Effect of Camu-Camu on hepatic metabolism in DIO mice. Effects of oral administration of vehicle or CCE in 6-hour-fasted mice after 5 weeks of treatment on (A) liver weight, (B) liver triglycerides, and (C) cholesterol content and the gene expression of hepatic biomarkers involved in (D) fatty acid oxidation (no significant difference was observed), (E) fatty acid synthesis, (F) endocrine signaling (no significant difference was observed), (G) inflammation (no significant difference was observed); n = 9–10 per group. In figure (B–D), data with different superscript letters are significantly different (p < 0.05) according to post hoc ANOVA one-way statistical analysis (Bonferroni’s post hoc test).

Figure 4

Camu-Camu improves plasma lipid profile in diet-induced obese mice. Effects of oral administration of vehicle or CCE in 6-hour-fasted mice after 5 weeks of treatment on (A) plasma triglycerides, (B) plasma free fatty acids, (C) plasma total cholesterol, (D) plasma HDL cholesterol, (E) plasma non-HDL cholesterol; n = 9–10 per group. In figures (A–E) data with different superscript letters are significantly different (p < 0.05) according to post hoc ANOVA one-way statistical analysis (Bonferroni’s post hoc test).

Figure 5

Camu-Camu reduces HFD-induced decrease in markers of triglyceride hydrolases without affecting markers of browning in the subcutaneous adipose tissue.

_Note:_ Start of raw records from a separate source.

definition pos_def_mat :: "real^'n^'n \<Rightarrow> bool" where
  "pos_def_mat M \<longleftrightarrow> transpose M = M \<and> (\<forall>x. x \<noteq> 0 \<longrightarrow> x \<bullet> (M *v x) > 0)"

text \<open>Controllability of (A,B): the controllability matrix [B, AB, ..., A^(n-1)B]
  has full row rank n, i.e. its column space is all of R^n.\<close>
definition controllable :: "real^'n^'n \<Rightarrow> real^'m^'n \<Rightarrow> bool" where
  "controllable A B \<longleftrightarrow>
     span {((\<lambda>v. A *v v) ^^ k) (B *v u) | k u. k < CARD('n)} = UNIV"

fun traj :: "real^'n^'n \<Rightarrow> real^'m^'n \<Rightarrow> real^'n \<Rightarrow> (nat \<Rightarrow> real^'m) \<Rightarrow> nat \<Rightarrow> real^'n" where
  "traj A B x0 u 0 = x0"
| "traj A B x0 u (Suc t) = A *v traj A B x0 u t + B *v u t"

definition stage_cost :: "real^'n^'n \<Rightarrow> real^'m^'m \<Rightarrow> real^'n \<Rightarrow> real^'n \<Rightarrow> real^'m \<Rightarrow> real" where
  "stage_cost Q R \<theta> x u = (1/2) * ((x - \<theta>) \<bullet> (Q *v (x - \<theta>))) + (1/2) * (u \<bullet> (R *v u))"

definition cost_N :: "real^'n^'n \<Rightarrow> real^'m^'n \<Rightarrow> real^'n^'n \<Rightarrow> real^'m^'m \<Rightarrow> real^'n
    \<Rightarrow> nat \<Rightarrow> real^'n \<Rightarrow> (nat \<Rightarrow> real^'m) \<Rightarrow> real" where
  "cost_N A B Q R \<theta> N x0 u = (\<Sum>t<N. stage_cost Q R \<theta> (traj A B x0 u t) (u t))"

definition opt_cost_N :: "real^'n^'n \<Rightarrow> real^'m^'n \<Rightarrow> real^'n^'n \<Rightarrow> real^'m^'m \<Rightarrow> real^'n
    \<Rightarrow> nat \<Rightarrow> real^'n \<Rightarrow> real" where
  "opt_cost_N A B Q R \<theta> N x0 = (INF u. cost_N A B Q R \<theta> N x0 u)"

fun cl_traj :: "real^'n^'n \<Rightarrow> real^'m^'n \<Rightarrow> real^'n^'m \<Rightarrow> real^'m \<Rightarrow> real^'n \<Rightarrow> nat \<Rightarrow> real^'n" where
  "cl_traj A B K k0 x0 0 = x0"
| "cl_traj A B K k0 x0 (Suc t) =
     A *v cl_traj A B K k0 x0 t + B *v (k0 - K *v cl_traj A B K k0 x0 t)"


definition M_e :: "real^'m^'n \<Rightarrow> real^'m^'m \<Rightarrow> real^'n^'n \<Rightarrow> real^'n^'n" where
  "M_e B R P = P - P ** B ** matrix_inv (R + transpose B ** P ** B) ** transpose B ** P"

definition H_e :: "real^'n^'n \<Rightarrow> real^'m^'n \<Rightarrow> real^'n^'n \<Rightarrow> real^'m^'m \<Rightarrow> real^'n^'n \<Rightarrow> real^'n^'n" where
  "H_e A B Q R P = M_e B R P - M_e B R P ** A ** matrix_inv (Q + transpose A ** M_e B R P ** A)
                      ** transpose A ** M_e B R P"
(* Let $\bar A=\{A_i\}$ be a partition with $A_i\in(P_i,Q_i)$ such that every $A_i$ satisfies the short cycle property, i.e. $T_iA_i\in(Q_{\rho(i)},A_{\rho(i)+1})$ and $T_{i-1}A_i\in(A_{\theta(i-1)},P_{\theta(i-1)+1})$. Put $B_i=T_{\sigma(i-1)}A_{\sigma(i-1)}$, $C_i=T_{\sigma(i+1)}A_{\sigma(i+1)+1}$ and \[ \Omega_{\bar A}=\bigcup_{i=1}^{8g-4}\Big([Q_{i+2},P_{i-1}]\times[A_i,A_{i+1}]\cup[Q_{i+1},Q_{i+2}]\times[A_i,C_i]\cup[P_{i-1},P_i]\times[B_i,A_{i+1}]\Big). \] Let $p_i,q_i,b_i,c_i$ be angular coordinates of $P_i,Q_i,B_i,C_i$ (e.g. $P_i=e^{\mathrm i p_i}$). With $d\nu=\frac{|dx|\,|dy|}{|x-y|^2}$, \[ \nu(\Omega_{\bar A})=\ln\prod_{i=1}^{8g-4}\frac{\left|\sin\frac{c_i-q_{i+2}}2\right|\,\left|\sin\frac{b_i-p_{i-1}}2\right|}{\left|\sin\frac{b_i-p_i}2\right|\,\left|\sin\frac{c_i-q_{i+1}}2\right|}. \]
   Context: Setting. Fix $g\ge 2$; indices are mod $8g-4$. Let $\mathcal F$ be the regular hyperbolic $(8g-4)$-gon in the unit disk centered at $0$ with all interior angles $\pi/2$, sides labeled $1,\dots,8g-4$ counterclockwise, side $i$ joining vertices $V_i$ and $V_{i+1}$. The complete geodesic extending side $i$ goes from $P_i$ (beyond $V_i$) to $Q_{i+1}$ (beyond $V_{i+1}$) on the unit circle $\mathbb S$; counterclockwise order $P_1,Q_1,P_2,Q_2,\dots,P_{8g-4},Q_{8g-4}$. $\sigma(i)=4g-i$ ($i$ odd), $\sigma(i)=2-i$ ($i$ even), $\rho(i)=\sigma(i)+1$, $\theta(i)=\sigma(i)-1$. $T_i$ is the Möbius transformation mapping side $i$ onto side $\sigma(i)$, with isometric circle the geodesic $P_iQ_{i+1}$, mapped onto the geodesic $Q_{\sigma(i)+1}P_{\sigma(i)}$, inside to outside. Arcs $[A,B]$ etc. are counterclockwise from $A$ to $B$. The measure $\nu$ on $\mathbb S\times\mathbb S$ is $d\nu=|dx||dy|/|x-y|^2$, $|dx|,|dy|$ arc length. *)

theory Defs
  imports "HOL-Analysis.Analysis" "HOL-Probability.Probability"
begin

definition NN :: "nat \<Rightarrow> int" where
  "NN g = 8 * int g - 4"

text \<open>Angular position of the (Euclidean) centre of the geodesic extending side i.
  Any common rotation of the picture gives the same statement; we fix side i centred
  at angle 2 pi i / N.\<close>
definition alpha :: "nat \<Rightarrow> int \<Rightarrow> real" where
  "alpha g i = 2 * pi * of_int i / of_int (NN g)"

text \<open>Half angular width of each side geodesic: adjacent side geodesics meet at right
  angles iff sin beta = sqrt 2 * sin (pi / N).\<close>
definition beta :: "nat \<Rightarrow> real" where
  "beta g = arcsin (sqrt 2 * sin (pi / of_int (NN g)))"

definition Pp :: "nat \<Rightarrow> int \<Rightarrow> complex" where
  "Pp g i = cis (alpha g i - beta g)"

definition Qp :: "nat \<Rightarrow> int \<Rightarrow> complex" where
  "Qp g i = cis (alpha g (i - 1) + beta g)"

text \<open>Euclidean circle carrying the geodesic P_i Q_(i+1) (orthogonal to the unit circle).\<close>
definition side_center :: "nat \<Rightarrow> int \<Rightarrow> complex" where
  "side_center g i = complex_of_real (1 / cos (beta g)) * cis (alpha g i)"

definition side_radius :: "nat \<Rightarrow> real" where
  "side_radius g = tan (beta g)"

definition side_circle :: "nat \<Rightarrow> int \<Rightarrow> complex set" where
  "side_circle g i = sphere (side_center g i) (side_radius g)"

definition sigma :: "nat \<Rightarrow> int \<Rightarrow> int" where
  "sigma g i = (if odd i then 4 * int g - i else 2 - i)"

definition rho :: "nat \<Rightarrow> int \<Rightarrow> int" where
  "rho g i = sigma g i + 1"

definition theta :: "nat \<Rightarrow> int \<Rightarrow> int" where
  "theta g i = sigma g i - 1"

definition mob :: "complex \<Rightarrow> complex \<Rightarrow> complex \<Rightarrow> complex" where
  "mob a b z = (a * z + b) / (cnj b * z + cnj a)"

text \<open>Isometric circle of z -> (a z + b)/(cnj b z + cnj a) with |a|^2-|b|^2 = 1, b \<noteq> 0:
  the circle where |T'(z)| = 1, i.e. |cnj b z + cnj a| = 1.\<close>
definition iso_circle :: "complex \<Rightarrow> complex \<Rightarrow> complex set" where
  "iso_circle a b = sphere (- cnj a / cnj b) (1 / cmod b)"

Effects of oral administration of vehicle or CCE in 6-hour-fasted mice after 5 weeks of treatment on the mRNA expression of (A) hormone-sensitive lipase (Hsl) and (B) adipose triglyceride lipase (Atgl). (C) Lipoprotein lipase (lpl) and (D–F) the gene expression of markers of browning (Dio2, Pgc1a, Ucp1) (no significant difference was observed); n = 5–9 per group. In figure (A,B), data with different superscript letters are significantly different (p < 0.05) according to post hoc ANOVA one-way statistical analysis (Bonferroni’s posthoc test).

Figure 6

Camu-Camu prevents A. muciniphila decrease induced by HFD. Effects of oral administration of vehicle or CCE on quantification of A. muciniphila (A) in feces, (B) in cecal content.; n = 9–10 per group. In figures (A,B), data with different superscript letters are significantly different (p < 0.05) according to post hoc ANOVA one-way statistical analysis (Bonferroni’s post hoc test).